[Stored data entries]
◆ ◆ ◆ ◆ ◆

(* Let $m,n$ be positive integers and let $B=(B(i_1,\dots,i_{2m}))_{1\le i_1,\dots,i_{2m}\le 2n}$ change sign when $i_{2s-1}$ and $i_{2s}$ are interchanged, for each $1\le s\le m$. Let $M=(M(i_1,\dots,i_{2m}))_{1\le i_1,\dots,i_{2m}\le 2mn}$ be the fully antisymmetric array (i.e. $M(i_{\tau(1)},\dots,i_{\tau(2m)})=\mathrm{sgn}(\tau)M(i_1,\dots,i_{2m})$ for all $\tau\in\mathfrak{S}_{2m}$) determined by the following values for $i_1<\cdots<i_{2m}$: if there exist $1\le r_1,\dots,r_{2m}\le 2n$ with $i_{2s-1}=2n(s-1)+r_{2s-1}$ and $i_{2s}=2n(s-1)+r_{2s}$ for all $1\le s\le m$, then $M(i_1,\dots,i_{2m})=B(r_1,\dots,r_{2m})$; otherwise $M(i_1,\dots,i_{2m})=0$. Then $\mathrm{Pf}^{[2m]}(B)=\mathrm{BPf}^{[2m]}(M)$.
   Context: With $\mathfrak{E}_{2n}=\{\sigma\in\mathfrak{S}_{2n}:\sigma(2i-1)<\sigma(2i),\ 1\le i\le n\}$, $\mathrm{Pf}^{[2m]}(B):=\frac{1}{n!}\sum_{\sigma_1,\dots,\sigma_m\in\mathfrak{E}_{2n}}\prod_s\mathrm{sgn}(\sigma_s)\prod_{i=1}^nB(\sigma_1(2i-1),\sigma_1(2i),\dots,\sigma_m(2i-1),\sigma_m(2i))$. Barvinok's hyperpfaffian of a fully antisymmetric array $M$ indexed by $\{1,\dots,2mn\}^{2m}$: with $\mathfrak{E}_{2mn,2m}=\{\sigma\in\mathfrak{S}_{2mn}:\sigma(2m(i-1)+1)<\sigma(2m(i-1)+2)<\cdots<\sigma(2mi),\ 1\le i\le n\}$, $$\mathrm{BPf}^{[2m]}(M):=\frac{1}{n!}\sum_{\sigma\in\mathfrak{E}_{2mn,2m}}\mathrm{sgn}(\sigma)\prod_{i=1}^nM(\sigma(2m(i-1)+1),\dots,\sigma(2mi)).$$ *)

theory Defs
  imports "HOL-Combinatorics.Permutations"
begin

text \<open>Arrays indexed by tuples (i_1,...,i_k) are modelled as functions on lists
(nat list => 'a); only lists of the right length with entries in the right
range matter. Indices are 1-based as in the paper.\<close>

definition Epairs :: "nat \<Rightarrow> (nat \<Rightarrow> nat) set" where
  "Epairs n = {\<sigma>. \<sigma> permutes {1..2*n} \<and> (\<forall>i\<in>{1..n}. \<sigma> (2*i-1) < \<sigma> (2*i))}"

definition hyperpf :: "nat \<Rightarrow> nat \<Rightarrow> (nat list \<Rightarrow> 'a::field_char_0) \<Rightarrow> 'a" where
  "hyperpf m n B = (1 / fact n) *
     (\<Sum>ss \<in> PiE {1..m} (\<lambda>_. Epairs n).
        (\<Prod>s=1..m. of_int (sign (ss s))) *
        (\<Prod>i=1..n. B (concat (map (\<lambda>s. [ss s (2*i-1), ss s (2*i)]) [1..<m+1]))))"

definition Eblocks :: "nat \<Rightarrow> nat \<Rightarrow> (nat \<Rightarrow> nat) set" where
  "Eblocks m n = {\<sigma>. \<sigma> permutes {1..2*m*n} \<and>
     (\<forall>i\<in>{1..n}. \<forall>j\<in>{1..<2*m}. \<sigma> (2*m*(i-1)+j) < \<sigma> (2*m*(i-1)+j+1))}"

◆ ◆ ◆ ◆ ◆

Every line above that includes the string "forall" needs to be copied.

  "Epairs n = {\<sigma>. \<sigma> permutes {1..2*n} \<and> (\<forall>i\<in>{1..n}. \<sigma> (2*i-1) < \<sigma> (2*i))}"
     (\<forall>i\<in>{1..n}. \<forall>j\<in>{1..<2*m}. \<sigma> (2*m*(i-1)+j) < \<sigma> (2*m*(i-1)+j+1))}"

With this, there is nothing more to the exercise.